About a year ago, I happened upon this statement about the Monitor in the Harvard Business Review – under the charming heading of “do things that don’t interest you”:

“Many things that end up” being meaningful, writes social scientist Joseph Grenny, “have come from conference workshops, articles, or online videos that began as a chore and ended with an insight. My work in Kenya, for example, was heavily influenced by a Christian Science Monitor article I had forced myself to read 10 years earlier. Sometimes, we call things ‘boring’ simply because they lie outside the box we are currently in.”

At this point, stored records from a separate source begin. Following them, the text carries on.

lemma typical_samples_in_sets:
  fixes m :: nat
  shows "{D \<in> space (PiM {..<m} (\<lambda>_. \<rho>)). \<forall>i\<in>{..<m}. D i \<in> typical} \<in> sets (PiM {..<m} (\<lambda>_. \<rho>))"
proof (rule sets.sets_Collect_finite_All)
  fix i :: nat assume "i \<in> {..<m}"
  from measurable_sets[OF measurable_sample_component[OF this] typical_in_sets_borel]
  show "{D \<in> space (PiM {..<m} (\<lambda>_. \<rho>)). D i \<in> typical} \<in> sets (PiM {..<m} (\<lambda>_. \<rho>))"
    by (simp add: vimage_def Int_def conj_commute)
qed simp

lemma excess_deviation_transfer:
  assumes [measurable]: "g \<in> borel_measurable borel" "h \<in> borel_measurable borel"
    and g: "\<And>x. \<bar>g x\<bar> \<le> 1" and h: "\<And>x. \<bar>h x\<bar> \<le> 1" and close: "\<And>x. \<bar>g x - h x\<bar> \<le> \<epsilon>"
    and deviation: "excess h - emp_excess m D h < \<gamma> * excess h + R" and "0 \<le> \<gamma>"
  shows "excess g - emp_excess m D g \<le> \<gamma> * excess g + (\<gamma> + 2) * \<epsilon> + R"
proof -
  have "\<bar>excess g - excess h\<bar> \<le> \<epsilon>" using g h close by (intro abs_excess_diff_le) simp_all
  moreover have "\<bar>emp_excess m D g - emp_excess m D h\<bar> \<le> \<epsilon>" using close by (rule abs_emp_excess_diff_le)
  moreover have "\<gamma> * excess h \<le> \<gamma> * (excess g + \<epsilon>)"
    using \<open>0 \<le> \<gamma>\<close> calculation(1) by (intro mult_left_mono) auto
  ultimately show ?thesis using deviation by (simp add: algebra_simps abs_le_iff)
qed

lemma prob_typical_samples:
  fixes m :: nat
  shows "measure (PiM {..<m} (\<lambda>_. \<rho>)) {D \<in> space (PiM {..<m} (\<lambda>_. \<rho>)). \<forall>i\<in>{..<m}. D i \<in> typical} = 1"
proof -
  interpret PP: product_prob_space "\<lambda>_. \<rho>" "{..<m}" by unfold_locales
  have "measure \<rho> typical = 1" using AE_typical AE_in_set_eq_1[of typical] by (simp add: sets_\<rho>)
  then have "emeasure (PiM {..<m} (\<lambda>_. \<rho>)) {D \<in> space (PiM {..<m} (\<lambda>_. \<rho>)). \<forall>i\<in>{..<m}. D i \<in> typical} = 1"
    by (subst PP.emeasure_PiM_Collect) (auto simp: sets_\<rho> emeasure_eq_measure)
  then show ?thesis by (simp add: measure_def)
qed

end

section \<open>Concentration under the Tsybakov noise condition\<close>

locale hinge_tsybakov = hinge_classification +
  fixes q \<kappa> :: real
  assumes q_pos: "0 < q" and \<kappa>_pos: "0 < \<kappa>"
    and margin: "\<And>t. 0 < t \<Longrightarrow> measure (distr \<rho> borel fst) {x\<in>unit_cube. \<bar>2 * \<eta> x - 1\<bar> \<le> \<kappa> * t} \<le> t powr q"
begin

text \<open>Split the cube at margin \<kappa> t: the small-margin part has measure at most t^q, and
  on the rest the deviation is dominated by the integrand of the excess risk divided by \<kappa> t.\<close>

lemma integral_abs_bayes_diff_le:
  assumes [measurable]: "h \<in> borel_measurable borel" and h: "\<And>x. \<bar>h x\<bar> \<le> 1" and "0 < t"
  shows "(\<integral>x. \<bar>bayes x - h x\<bar> \<partial>\<rho>X) \<le> 2 * t powr q + excess h / (\<kappa> * t)"
proof -
  define A where "A = {x\<in>unit_cube. \<bar>2 * \<eta> x - 1\<bar> \<le> \<kappa> * t}"
  have [measurable]: "A \<in> sets borel" unfolding A_def by measurable
  have \<kappa>t: "0 < \<kappa> * t" using \<kappa>_pos \<open>0 < t\<close> by simp
  have pointwise: "\<bar>bayes x - h x\<bar> \<le> 2 * indicator A x + (2 * \<eta> x - 1) * (bayes x - h x) / (\<kappa> * t)"
    if "x \<in> unit_cube" for x
  proof (cases "x \<in> A")
    case True
    have "0 \<le> (2 * \<eta> x - 1) * (bayes x - h x) / (\<kappa> * t)"
      using \<kappa>t margin_mult_bayes_diff_eq_abs[OF that h] by simp
    then show ?thesis using True abs_bayes_diff_le_two[of h x, OF h] by simp
  next
    case False
    then have "\<kappa> * t * \<bar>bayes x - h x\<bar> \<le> \<bar>2 * \<eta> x - 1\<bar> * \<bar>bayes x - h x\<bar>"
      using that by (intro mult_right_mono) (auto simp: A_def)
    then show ?thesis
      using False \<kappa>t margin_mult_bayes_diff_eq_abs[OF that h] by (simp add: le_divide_eq mult.commute)
  qed
  have "(\<integral>x. \<bar>bayes x - h x\<bar> \<partial>\<rho>X)
      \<le> (\<integral>x. 2 * indicator A x + (2 * \<eta> x - 1) * (bayes x - h x) / (\<kappa> * t) \<partial>\<rho>X)"
  proof (rule integral_mono_AE)
    show "integrable \<rho>X (\<lambda>x. \<bar>bayes x - h x\<bar>)"
      using abs_bayes_diff_le_two[of h, OF h] by (intro integrable_\<rho>X_bounded[where B=2]) auto
    show "integrable \<rho>X (\<lambda>x. 2 * indicator A x + (2 * \<eta> x - 1) * (bayes x - h x) / (\<kappa> * t))"
      using integrable_\<rho>X_margin[of "\<lambda>x. bayes x - h x" 2] abs_bayes_diff_le_two[of h, OF h]
        integrable_\<rho>X_bounded[where B=1, of "indicator A"]
      by (intro Bochner_Integration.integrable_add integrable_divide) auto
  qed (use AE_unit_cube pointwise in auto)
  also have "\<dots> = 2 * measure \<rho>X A + excess h / (\<kappa> * t)"
    using integrable_\<rho>X_margin[of "\<lambda>x. bayes x - h x" 2] abs_bayes_diff_le_two[of h, OF h]
      integrable_\<rho>X_bounded[where B=1, of "indicator A"]
    by (simp add: excess_def sets_\<rho>X)
  also have "\<dots> \<le> 2 * t powr q + excess h / (\<kappa> * t)"
    using margin[OF \<open>0 < t\<close>] by (simp add: A_def \<rho>X_def)
  finally show ?thesis .
qed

If you were to come up with a punchline to a joke about the Monitor, that would probably be it. We’re seen as being global, fair, insightful, and perhaps a bit too earnest. We’re the bran muffin of journalism.

But you know what? We change lives. And I’m going to argue that we change lives precisely because we force open that too-small box that most human beings think they live in.

The Monitor is a peculiar little publication that’s hard for the world to figure out. We’re run by a church, but we’re not only for church members and we’re not about converting people. We’re known as being fair even as the world becomes as polarized as at any time since the newspaper’s founding in 1908.

We have a mission beyond circulation, we want to bridge divides. We’re about kicking down the door of thought everywhere and saying, “You are bigger and more capable than you realize. And we can prove it.”